Everyone wants a resolution to the fiscal cliff, right?
But for fixed-income investors, who have poured more than $1 trillion into the less risky asset class since the financial crash, the investments they bought as protection against equity volatility are likely to be deeply damaged by any deal.
A compromise would avert a recession in the first half next year and remove a lot of the uncertainty that has been hanging over the markets.
“It'd be good for businesses, it'd be very good for equities, but it'd be bad for bonds,” Ken Volpert, head of the taxable-bond group at The Vanguard Group Inc., said last Thursday at the Bloomberg Portfolio Manager Mash-Up in New York.
But if the economy starts humming along at a good pace, it is likely to lead to a rise in interest rates, which the Federal Reserve has been keeping artificially low.
Without the Fed's interference, rates on the 10-year Treasury note would be closer to 3.5%, double what it currently yields, Mr. Volpert said.
A rise of just 1 percentage point would cause the Barclays Capital Aggregate Bond Index to lose 4 to 5 points.
Still, there could be an upside to bond fund losses.

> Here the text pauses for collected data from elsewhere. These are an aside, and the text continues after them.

(* Let $d\ge1$ and let $T$ be a $d\times d$ column-stochastic matrix. For each row $i$ choose a permutation $\sigma_i$ of $\{1,\dots,d\}$ such that $T_{i\sigma_i(1)}\ge T_{i\sigma_i(2)}\ge\dots\ge T_{i\sigma_i(d)}$, and for $n=1,\dots,d$ define $K_n=\sum_{i=1}^d\sqrt{T_{i\sigma_i(n)}}\,|i\rangle\langle\sigma_i(n)|$. Then $\Phi(\rho)=\sum_{n=1}^dK_n\rho K_n^\dagger$ is a quantum channel whose classical action is $T$, and the nonzero part of the spectrum of its Jamio{\l}kowski state is given by $$\boldsymbol{\lambda}(J_\Phi)=\frac1d\sum_{i=1}^d\mathbf{r}^{(i)},\qquad \mathbf{r}^{(i)}=(T_{i1},\dots,T_{id})^\downarrow,$$ (padded with zeros to length $d^2$). In particular, every $T$ is the classical action of a channel whose Jamio{\l}kowski state has rank at most $d$ (i.e., with at most $d$ Kraus operators).
   Context: Fix an orthonormal basis $\{|i\rangle\}_{i=1}^d$ of $\mathbb{C}^d$, $|\Omega\rangle=\sum_i|ii\rangle$. The Jamio{\l}kowski state of a channel $\Phi$ is $J_\Phi=\frac1d(\Phi\otimes\mathcal{I})(|\Omega\rangle\langle\Omega|)$. The classical action of $\Phi$ is the matrix $T$ with $T_{ij}=\langle i|\Phi(|j\rangle\langle j|)|i\rangle$. A column-stochastic matrix satisfies $T_{ij}\ge0$ and $\sum_iT_{ij}=1$ for all $j$. $\boldsymbol{\lambda}(X)$ denotes eigenvalues in non-increasing order and $x^\downarrow$ the non-increasing rearrangement of a vector $x$. *)

theory Defs
  imports "Jordan_Normal_Form.Jordan_Normal_Form" "Jordan_Normal_Form.Schur_Decomposition"
    "Jordan_Normal_Form.DL_Rank"
begin

(* Indices are 0-based: the basis |i>, i = 0..d-1.  Matrices are complex d x d matrices
   (Jordan_Normal_Form 'mat').  A map on d x d matrices is a function complex mat => complex mat;
   only its behaviour on carrier_mat d d matters. *)

definition mtrace :: "complex mat \<Rightarrow> complex" where
  "mtrace A = (\<Sum>i<dim_row A. A $$ (i,i))"

definition psd :: "nat \<Rightarrow> complex mat \<Rightarrow> bool" where
  "psd n A \<longleftrightarrow> A \<in> carrier_mat n n \<and> A = mat_adjoint A \<and>
     (\<forall>v \<in> carrier_vec n. Im (conjugate v \<bullet> (A *\<^sub>v v)) = 0 \<and> Re (conjugate v \<bullet> (A *\<^sub>v v)) \<ge> 0)"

Some observers predict that fixed- income losses will finally lead to the “great rotation” from bonds to equities that investors have been avoiding even though the stock market has nearly recovered all its losses from 2008.
Since that time, investors have pulled nearly $500 billion from stock mutual funds.
“So much money has gone into bonds and out of stocks, we're worried investors are not balanced with the right long-term asset mix they need,” Mr. Volpert said.
That isn't a case to get rid of bonds entirely, of course.
“You're still going to need the diversification,” said Jeff Rosenberg, chief investment strategist of fixed income at BlackRock Inc.